Women farmers in the cornfield behind Auntie Jean’s house.

 Husked corn waiting to be picked up.

Husked corn waiting to be picked up.

The land is still profitable. Crops are seasonally rotated and diversified. They are growing corn now, next will be cabbage then cauliflower; but not until after the corn has been husked, most of the husks have been eaten by the goats and then burned, letting the land rest and fertilize itself. It’s hard work, but the land gives back to the people that care for it. This symbiotic relationship with the earth appeals to me… to work hard, to work outside, to reap what you sow, to eat what you sow, and be free, in a way. 

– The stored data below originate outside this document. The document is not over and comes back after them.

lemma Tbell_bounded:
  assumes "\<And>s. 0 \<le> u $ s \<and> u $ s \<le> 1 / (1 - \<alpha>)"
  shows "0 \<le> Tbell P r \<alpha> u $ s \<and> Tbell P r \<alpha> u $ s \<le> 1 / (1 - \<alpha>)"
proof -
  have "0 \<le> r s a + \<alpha> * (\<Sum>j\<in>UNIV. P a $ s $ j * u $ j)
      \<and> r s a + \<alpha> * (\<Sum>j\<in>UNIV. P a $ s $ j * u $ j) \<le> 1 / (1 - \<alpha>)" for a
  proof -
    have "1 + \<alpha> * (1 / (1 - \<alpha>)) = 1 / (1 - \<alpha>)"
      using discount_less_one by (simp add: field_simps)
    then show ?thesis
      using transition_mean_between[OF assms, of a s] reward_nonneg[of s a] reward_le_one[of s a]
        discount_pos mult_left_mono[of _ "1 / (1 - \<alpha>)" \<alpha>]
      by (smt (verit) mult_nonneg_nonneg)
  qed
  then show ?thesis
    unfolding Tbell_def by (auto simp: Max_le_iff Max_ge_iff)
qed

lemma Tbell_funpow_bounded:
  assumes "\<And>s. 0 \<le> u $ s \<and> u $ s \<le> 1 / (1 - \<alpha>)"
  shows "0 \<le> (Tbell P r \<alpha> ^^ n) u $ s \<and> (Tbell P r \<alpha> ^^ n) u $ s \<le> 1 / (1 - \<alpha>)"
  by (induction n arbitrary: s) (simp_all add: assms Tbell_bounded)
section \<open>Minimal generators\<close>

lemma numerical_semigroup_add_mem:
  "numerical_semigroup S \<Longrightarrow> x \<in> S \<Longrightarrow> y \<in> S \<Longrightarrow> x + y \<in> S"
  unfolding numerical_semigroup_def by blast

lemma numerical_semigroup_zero_mem: "numerical_semigroup S \<Longrightarrow> 0 \<in> S"
  unfolding numerical_semigroup_def by blast

lemma numerical_semigroup_mult_mem:
  assumes "numerical_semigroup S" "x \<in> S"
  shows "k * x \<in> S"
  by (induction k)
     (use assms numerical_semigroup_zero_mem numerical_semigroup_add_mem in auto)

lemma conductor_le_imp_mem:
  assumes ns: "numerical_semigroup S" and "conductor S \<le> x"
  shows "x \<in> S"
proof -
  have "finite (UNIV - S)" using ns unfolding numerical_semigroup_def by blast
  then obtain b where "\<forall>y \<in> UNIV - S. y < b"
    using finite_nat_set_iff_bounded by blast
  then have "\<exists>c. \<forall>x\<ge>c. x \<in> S"
    by (metis DiffI UNIV_I not_le)
  then have "\<forall>x\<ge>conductor S. x \<in> S"
    unfolding conductor_def by (rule LeastI_ex)
  with assms(2) show ?thesis by blast
qed

lemma min_gens_subset: "min_gens S \<subseteq> S"
  unfolding min_gens_def by blast

lemma zero_notin_min_gens: "0 \<notin> min_gens S"
  unfolding min_gens_def by blast
(* Let $I, I_1, I_2, \dots$ be IID $\mathbb{Z}$-valued random variables with $E I_- < E I_+ < \infty$. Let $U_1, U_2, \dots$ be IID $U[0,1]$ random variables, independent of $(I_n)$. Set $S_{n,+} := \sum_{0<j\le n} (I_j)_+$ and $S_{n,-} := \sum_{0<j\le n} (I_j)_-$. For $f \in [0,1]$ and $n \in \mathbb{Z}_+$, define $$S_n(f) := \sum_{0<j\le S_{n,+}} \mathbf{1}_{[0,f]}(U_j) - S_{n,-}, \qquad M_n(f) := \min\bigl(0, S_1(f), \dots, S_n(f)\bigr),$$ $$C_{n+1}(f) := \sum_{S_{n,+} < j \le S_{n+1,+}} \mathbf{1}_{[0,f]}(U_j),$$ $$L_0(f) := 0, \qquad L_{n+1}(f) := L_n(f) + \max\bigl(C_{n+1}(f) - (I_{n+1})_-,\, -L_n(f)\bigr).$$ Let $f_c := E I_- / E I_+$. Then for every $f \in [0,1]$: 1. $\lim_{n\to\infty} L_n(f)/n = (f - f_c)_+\, E I_+$ almost surely; 2. $\lim_{n\to\infty} M_n(f)/n = -(f - f_c)_-\, E I_+$ almost surely.
   Context: $x_+ := \max(x,0)$ and $x_- := -\min(x,0)$. Empty sums are $0$. *)

theory Defs
  imports "HOL-Probability.Probability"
begin

definition ipos :: "int \<Rightarrow> nat" where "ipos x = nat (max x 0)"
definition ineg :: "int \<Rightarrow> nat" where "ineg x = nat (- min x 0)"

definition Splus :: "(nat \<Rightarrow> 'a \<Rightarrow> int) \<Rightarrow> nat \<Rightarrow> 'a \<Rightarrow> nat" where
  "Splus I n \<omega> = (\<Sum>j\<in>{1..n}. ipos (I j \<omega>))"
definition Sminus :: "(nat \<Rightarrow> 'a \<Rightarrow> int) \<Rightarrow> nat \<Rightarrow> 'a \<Rightarrow> nat" where
  "Sminus I n \<omega> = (\<Sum>j\<in>{1..n}. ineg (I j \<omega>))"

definition Sf :: "(nat \<Rightarrow> 'a \<Rightarrow> int) \<Rightarrow> (nat \<Rightarrow> 'a \<Rightarrow> real) \<Rightarrow> real \<Rightarrow> nat \<Rightarrow> 'a \<Rightarrow> real" where
  "Sf I U f n \<omega> = (\<Sum>j\<in>{1..Splus I n \<omega>}. indicator {0..f} (U j \<omega>)) - real (Sminus I n \<omega>)"

definition Mf :: "(nat \<Rightarrow> 'a \<Rightarrow> int) \<Rightarrow> (nat \<Rightarrow> 'a \<Rightarrow> real) \<Rightarrow> real \<Rightarrow> nat \<Rightarrow> 'a \<Rightarrow> real" where
  "Mf I U f n \<omega> = Min (insert 0 ((\<lambda>k. Sf I U f k \<omega>) ` {1..n}))"

definition Cf :: "(nat \<Rightarrow> 'a \<Rightarrow> int) \<Rightarrow> (nat \<Rightarrow> 'a \<Rightarrow> real) \<Rightarrow> real \<Rightarrow> nat \<Rightarrow> 'a \<Rightarrow> real" where
  "Cf I U f n \<omega> = (\<Sum>j\<in>{Splus I n \<omega><..Splus I (Suc n) \<omega>}. indicator {0..f} (U j \<omega>))"

text \<open>L_n(f); note Cf I U f n is C_{n+1}(f).\<close>
fun Lf :: "(nat \<Rightarrow> 'a \<Rightarrow> int) \<Rightarrow> (nat \<Rightarrow> 'a \<Rightarrow> real) \<Rightarrow> real \<Rightarrow> nat \<Rightarrow> 'a \<Rightarrow> real" where
  "Lf I U f 0 \<omega> = 0"
| "Lf I U f (Suc n) \<omega> = Lf I U f n \<omega> +
     max (Cf I U f n \<omega> - real (ineg (I (Suc n) \<omega>))) (- Lf I U f n \<omega>)"

end

theory Submission
  imports Defs
begin

text \<open>The recursion defining L_n(f) is Lindley's recursion
  L_{n+1} = max (L_n + S_{n+1}(f) - S_n(f)) 0 driven by the walk S_n(f), so L_n(f) = S_n(f) - M_n(f).
  By the strong law of large numbers S_{n,+}/n \<rightarrow> E I_+, S_{n,-}/n \<rightarrow> E I_- and
  (1/N) \<Sum>_{j \<le> N} 1[U_j \<le> f] \<rightarrow> f; as S_{n,+} \<rightarrow> \<infinity>, these combine to
  S_n(f)/n \<rightarrow> d = f E I_+ - E I_-. Consequently M_n(f)/n \<rightarrow> min d 0 and L_n(f)/n \<rightarrow> max d 0,
  which are the claimed limits.

  The strong law for nonnegative integrable i.i.d. variables is proved along Etemadi's lines:
  along n = j 2^m, truncation at level n is eventually exact and the truncated sums concentrate
  (Chebyshev and Borel--Cantelli; the variance bounds are summable because
  \<Sum>_m E[min X (c 2^m)^2] / (c 2^m) \<le> 4 E X), and monotonicity of the partial sums interpolates
  between these subsequences.\<close>

section \<open>Independence, variance and identical distribution\<close>

lemma (in prob_space) abs_centered_le:
  fixes Y :: "'a \<Rightarrow> real"
  assumes "Y \<in> borel_measurable M" "\<And>\<omega>. \<bar>Y \<omega>\<bar> \<le> B"
  shows "\<bar>Y \<omega> - expectation Y\<bar> \<le> 2 * B"
proof -
  have "\<bar>expectation Y\<bar> \<le> expectation (\<lambda>\<omega>. \<bar>Y \<omega>\<bar>)"
    by (rule integral_abs_bound)
  also have "\<dots> \<le> expectation (\<lambda>_. B)"
    using assms order_trans[OF abs_ge_zero assms(2)]
    by (intro integral_mono integrable_const_bound[where B=B]) auto
  finally show ?thesis using assms(2)[of \<omega>] by (simp add: prob_space)
qed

The next day, we do a short obligatory tour through Vigan, the capital of Ilocos Sur. The city is a New7Wonders City and UNESCO World Heritage Site, recognized for its preservation of the Spanish colonial architecture along the cobblestone Calle Crisologo. It’s early Sunday evening on a holiday weekend before elections; it’s busy. We don’t really want to be there, which is unfortunate, because I’ve been before, and without any people this place is beautiful. Anxious to escape the crowds, we leave and enjoy a peaceful dinner of Pork Dinuguan (meat and liver in a savory pig blood gravy) and Sinigang with malaga at Auntie Jean’s house. It’s delicious. 

As we leave Santa Catalina, I think about my mother and her childhood. I think about my grandparents. I think about the food I’ll prepare for my children. I’m motivated to learn more beyond Adobo and Longganisa, and hope to try making my own bagoong one day.

I also think about my Auntie Jean and her family. She is the only one of my mother’s siblings still here in the Philippines, and in just a week, she will travel with my Uncle Johnny and cousins, to Los Angeles to live indefinitely. 

“It’s going to be hard for them there,” Alex says to me. “They’re so free here.”